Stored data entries

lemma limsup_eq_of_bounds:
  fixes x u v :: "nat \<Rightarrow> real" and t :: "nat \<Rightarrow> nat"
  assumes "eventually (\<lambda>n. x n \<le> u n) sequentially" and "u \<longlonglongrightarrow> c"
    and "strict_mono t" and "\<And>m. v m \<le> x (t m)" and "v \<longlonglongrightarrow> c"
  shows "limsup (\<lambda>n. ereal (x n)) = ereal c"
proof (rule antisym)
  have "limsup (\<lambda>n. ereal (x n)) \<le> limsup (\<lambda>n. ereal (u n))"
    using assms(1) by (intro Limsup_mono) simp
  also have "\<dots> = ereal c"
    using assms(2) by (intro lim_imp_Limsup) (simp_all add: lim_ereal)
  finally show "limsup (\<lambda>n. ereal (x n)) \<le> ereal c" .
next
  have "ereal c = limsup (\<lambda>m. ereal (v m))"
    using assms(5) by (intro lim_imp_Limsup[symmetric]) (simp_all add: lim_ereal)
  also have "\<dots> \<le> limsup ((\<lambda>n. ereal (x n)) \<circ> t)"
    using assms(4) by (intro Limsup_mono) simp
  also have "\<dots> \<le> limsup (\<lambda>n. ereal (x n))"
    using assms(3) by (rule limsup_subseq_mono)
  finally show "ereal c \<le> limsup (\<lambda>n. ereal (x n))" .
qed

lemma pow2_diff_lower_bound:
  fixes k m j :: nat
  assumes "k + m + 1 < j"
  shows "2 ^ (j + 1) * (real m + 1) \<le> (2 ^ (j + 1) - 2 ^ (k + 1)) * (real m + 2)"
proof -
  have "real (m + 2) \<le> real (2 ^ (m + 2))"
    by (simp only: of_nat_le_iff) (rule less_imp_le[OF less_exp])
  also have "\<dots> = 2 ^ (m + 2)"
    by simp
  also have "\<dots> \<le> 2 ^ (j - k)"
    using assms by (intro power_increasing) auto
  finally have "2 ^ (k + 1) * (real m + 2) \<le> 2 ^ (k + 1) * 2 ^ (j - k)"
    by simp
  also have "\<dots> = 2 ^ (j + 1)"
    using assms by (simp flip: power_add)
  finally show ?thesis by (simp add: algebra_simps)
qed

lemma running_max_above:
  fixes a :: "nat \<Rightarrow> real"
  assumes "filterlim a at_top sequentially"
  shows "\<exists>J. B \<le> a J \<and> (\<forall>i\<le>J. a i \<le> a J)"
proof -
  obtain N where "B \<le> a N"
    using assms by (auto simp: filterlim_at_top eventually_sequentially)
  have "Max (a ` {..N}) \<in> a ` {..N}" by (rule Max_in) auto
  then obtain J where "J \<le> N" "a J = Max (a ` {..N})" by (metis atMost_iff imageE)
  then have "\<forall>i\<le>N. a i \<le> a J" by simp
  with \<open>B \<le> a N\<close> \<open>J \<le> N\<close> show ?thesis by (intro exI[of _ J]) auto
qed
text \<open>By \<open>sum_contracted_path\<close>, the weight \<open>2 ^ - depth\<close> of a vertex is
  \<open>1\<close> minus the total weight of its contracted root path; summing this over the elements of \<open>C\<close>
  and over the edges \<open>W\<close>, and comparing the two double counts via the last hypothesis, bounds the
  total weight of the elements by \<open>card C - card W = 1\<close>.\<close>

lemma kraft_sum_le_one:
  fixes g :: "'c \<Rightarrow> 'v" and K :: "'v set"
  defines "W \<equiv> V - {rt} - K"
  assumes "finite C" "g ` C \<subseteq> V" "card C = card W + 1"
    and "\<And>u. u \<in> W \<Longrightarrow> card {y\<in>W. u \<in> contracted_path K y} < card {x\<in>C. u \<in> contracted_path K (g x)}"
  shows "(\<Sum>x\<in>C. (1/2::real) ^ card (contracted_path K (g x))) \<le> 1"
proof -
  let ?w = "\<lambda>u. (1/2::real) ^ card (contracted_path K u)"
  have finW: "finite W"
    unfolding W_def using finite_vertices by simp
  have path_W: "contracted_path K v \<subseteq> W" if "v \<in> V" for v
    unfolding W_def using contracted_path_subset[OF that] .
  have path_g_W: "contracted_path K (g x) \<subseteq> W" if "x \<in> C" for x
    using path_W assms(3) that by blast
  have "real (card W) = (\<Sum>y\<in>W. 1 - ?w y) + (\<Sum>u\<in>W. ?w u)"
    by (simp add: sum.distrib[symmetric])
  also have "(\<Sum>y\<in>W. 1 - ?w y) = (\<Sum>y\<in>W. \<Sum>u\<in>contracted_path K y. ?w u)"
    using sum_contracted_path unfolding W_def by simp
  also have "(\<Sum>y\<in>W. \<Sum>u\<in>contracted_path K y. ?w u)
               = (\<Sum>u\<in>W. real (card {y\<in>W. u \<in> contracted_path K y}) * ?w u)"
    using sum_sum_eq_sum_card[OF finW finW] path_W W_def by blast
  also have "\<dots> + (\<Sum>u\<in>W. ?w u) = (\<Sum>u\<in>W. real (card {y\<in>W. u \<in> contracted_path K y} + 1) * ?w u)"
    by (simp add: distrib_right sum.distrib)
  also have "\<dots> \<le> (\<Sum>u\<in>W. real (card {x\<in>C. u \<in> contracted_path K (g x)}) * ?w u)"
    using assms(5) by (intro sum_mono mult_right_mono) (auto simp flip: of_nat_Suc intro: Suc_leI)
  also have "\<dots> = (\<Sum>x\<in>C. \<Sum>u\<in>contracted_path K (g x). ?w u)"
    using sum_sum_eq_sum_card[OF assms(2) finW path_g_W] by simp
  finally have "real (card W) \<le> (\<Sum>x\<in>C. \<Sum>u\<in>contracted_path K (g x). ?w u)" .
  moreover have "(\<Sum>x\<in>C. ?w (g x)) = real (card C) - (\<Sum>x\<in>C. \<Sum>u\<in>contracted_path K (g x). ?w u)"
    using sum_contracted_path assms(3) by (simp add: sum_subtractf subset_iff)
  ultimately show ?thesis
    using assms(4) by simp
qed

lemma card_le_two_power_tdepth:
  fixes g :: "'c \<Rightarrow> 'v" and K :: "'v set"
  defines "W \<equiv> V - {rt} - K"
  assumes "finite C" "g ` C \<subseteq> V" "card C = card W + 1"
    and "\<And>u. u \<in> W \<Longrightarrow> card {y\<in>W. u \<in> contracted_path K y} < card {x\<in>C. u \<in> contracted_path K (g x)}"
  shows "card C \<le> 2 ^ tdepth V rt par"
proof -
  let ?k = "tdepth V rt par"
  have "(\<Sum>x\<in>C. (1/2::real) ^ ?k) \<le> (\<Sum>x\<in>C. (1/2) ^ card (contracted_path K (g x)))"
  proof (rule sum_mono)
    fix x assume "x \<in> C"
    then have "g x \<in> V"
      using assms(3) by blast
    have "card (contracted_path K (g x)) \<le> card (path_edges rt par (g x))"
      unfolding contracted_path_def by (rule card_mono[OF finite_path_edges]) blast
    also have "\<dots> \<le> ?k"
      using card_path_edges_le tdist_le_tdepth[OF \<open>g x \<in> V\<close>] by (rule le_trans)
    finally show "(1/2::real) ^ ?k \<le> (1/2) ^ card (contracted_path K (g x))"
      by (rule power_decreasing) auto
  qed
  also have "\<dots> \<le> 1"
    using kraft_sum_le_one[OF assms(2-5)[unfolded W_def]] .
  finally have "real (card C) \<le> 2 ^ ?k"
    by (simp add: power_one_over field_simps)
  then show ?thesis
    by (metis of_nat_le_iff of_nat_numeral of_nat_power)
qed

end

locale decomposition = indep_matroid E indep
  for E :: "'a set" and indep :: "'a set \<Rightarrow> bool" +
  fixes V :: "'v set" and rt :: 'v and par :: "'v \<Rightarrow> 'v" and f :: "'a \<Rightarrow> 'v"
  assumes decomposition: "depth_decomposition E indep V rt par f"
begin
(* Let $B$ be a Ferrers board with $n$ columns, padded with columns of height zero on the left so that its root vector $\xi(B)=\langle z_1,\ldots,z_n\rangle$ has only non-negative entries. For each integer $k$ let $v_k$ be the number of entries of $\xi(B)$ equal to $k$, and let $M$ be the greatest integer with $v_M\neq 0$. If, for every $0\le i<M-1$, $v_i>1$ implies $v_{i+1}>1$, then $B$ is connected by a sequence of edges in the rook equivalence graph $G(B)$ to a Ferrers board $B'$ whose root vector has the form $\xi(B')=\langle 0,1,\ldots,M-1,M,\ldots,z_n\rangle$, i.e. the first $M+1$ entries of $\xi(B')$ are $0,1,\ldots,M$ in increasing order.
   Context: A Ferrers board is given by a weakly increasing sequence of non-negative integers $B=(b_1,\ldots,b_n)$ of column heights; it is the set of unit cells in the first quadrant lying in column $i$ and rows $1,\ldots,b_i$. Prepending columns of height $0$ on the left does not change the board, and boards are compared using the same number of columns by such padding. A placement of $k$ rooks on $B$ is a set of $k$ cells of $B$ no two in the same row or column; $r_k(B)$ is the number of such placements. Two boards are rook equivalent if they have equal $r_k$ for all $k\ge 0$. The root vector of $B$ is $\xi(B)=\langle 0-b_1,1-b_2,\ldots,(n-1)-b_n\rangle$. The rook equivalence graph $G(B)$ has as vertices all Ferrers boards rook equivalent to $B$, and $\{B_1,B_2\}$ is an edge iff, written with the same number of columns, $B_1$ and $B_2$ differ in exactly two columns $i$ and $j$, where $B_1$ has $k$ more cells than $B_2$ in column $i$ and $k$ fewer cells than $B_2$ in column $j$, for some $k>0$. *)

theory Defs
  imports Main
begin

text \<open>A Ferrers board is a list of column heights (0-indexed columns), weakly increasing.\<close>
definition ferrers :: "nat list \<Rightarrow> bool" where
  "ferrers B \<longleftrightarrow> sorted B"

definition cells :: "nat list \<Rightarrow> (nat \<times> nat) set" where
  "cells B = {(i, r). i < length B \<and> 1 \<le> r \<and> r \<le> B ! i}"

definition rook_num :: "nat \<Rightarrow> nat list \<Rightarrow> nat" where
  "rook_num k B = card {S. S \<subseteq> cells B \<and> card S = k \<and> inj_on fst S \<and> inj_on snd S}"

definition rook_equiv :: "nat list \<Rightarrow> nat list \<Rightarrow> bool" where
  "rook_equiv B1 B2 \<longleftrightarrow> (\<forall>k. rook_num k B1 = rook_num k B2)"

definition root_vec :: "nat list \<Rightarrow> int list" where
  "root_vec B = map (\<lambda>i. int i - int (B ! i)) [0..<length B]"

## Work to complete
Please return the lines above that run from the line containing "by (simp add: sum.distrib[symmetric])" to the line containing "(card W) \<le>", inclusive, exactly and with no other lines.

## Expected output
    by (simp add: sum.distrib[symmetric])
  also have "(\<Sum>y\<in>W. 1 - ?w y) = (\<Sum>y\<in>W. \<Sum>u\<in>contracted_path K y. ?w u)"
    using sum_contracted_path unfolding W_def by simp
  also have "(\<Sum>y\<in>W. \<Sum>u\<in>contracted_path K y. ?w u)
               = (\<Sum>u\<in>W. real (card {y\<in>W. u \<in> contracted_path K y}) * ?w u)"
    using sum_sum_eq_sum_card[OF finW finW] path_W W_def by blast
  also have "\<dots> + (\<Sum>u\<in>W. ?w u) = (\<Sum>u\<in>W. real (card {y\<in>W. u \<in> contracted_path K y} + 1) * ?w u)"
    by (simp add: distrib_right sum.distrib)
  also have "\<dots> \<le> (\<Sum>u\<in>W. real (card {x\<in>C. u \<in> contracted_path K (g x)}) * ?w u)"
    using assms(5) by (intro sum_mono mult_right_mono) (auto simp flip: of_nat_Suc intro: Suc_leI)
  also have "\<dots> = (\<Sum>x\<in>C. \<Sum>u\<in>contracted_path K (g x). ?w u)"
    using sum_sum_eq_sum_card[OF assms(2) finW path_g_W] by simp
  finally have "real (card W) \<le> (\<Sum>x\<in>C. \<Sum>u\<in>contracted_path K (g x). ?w u)" .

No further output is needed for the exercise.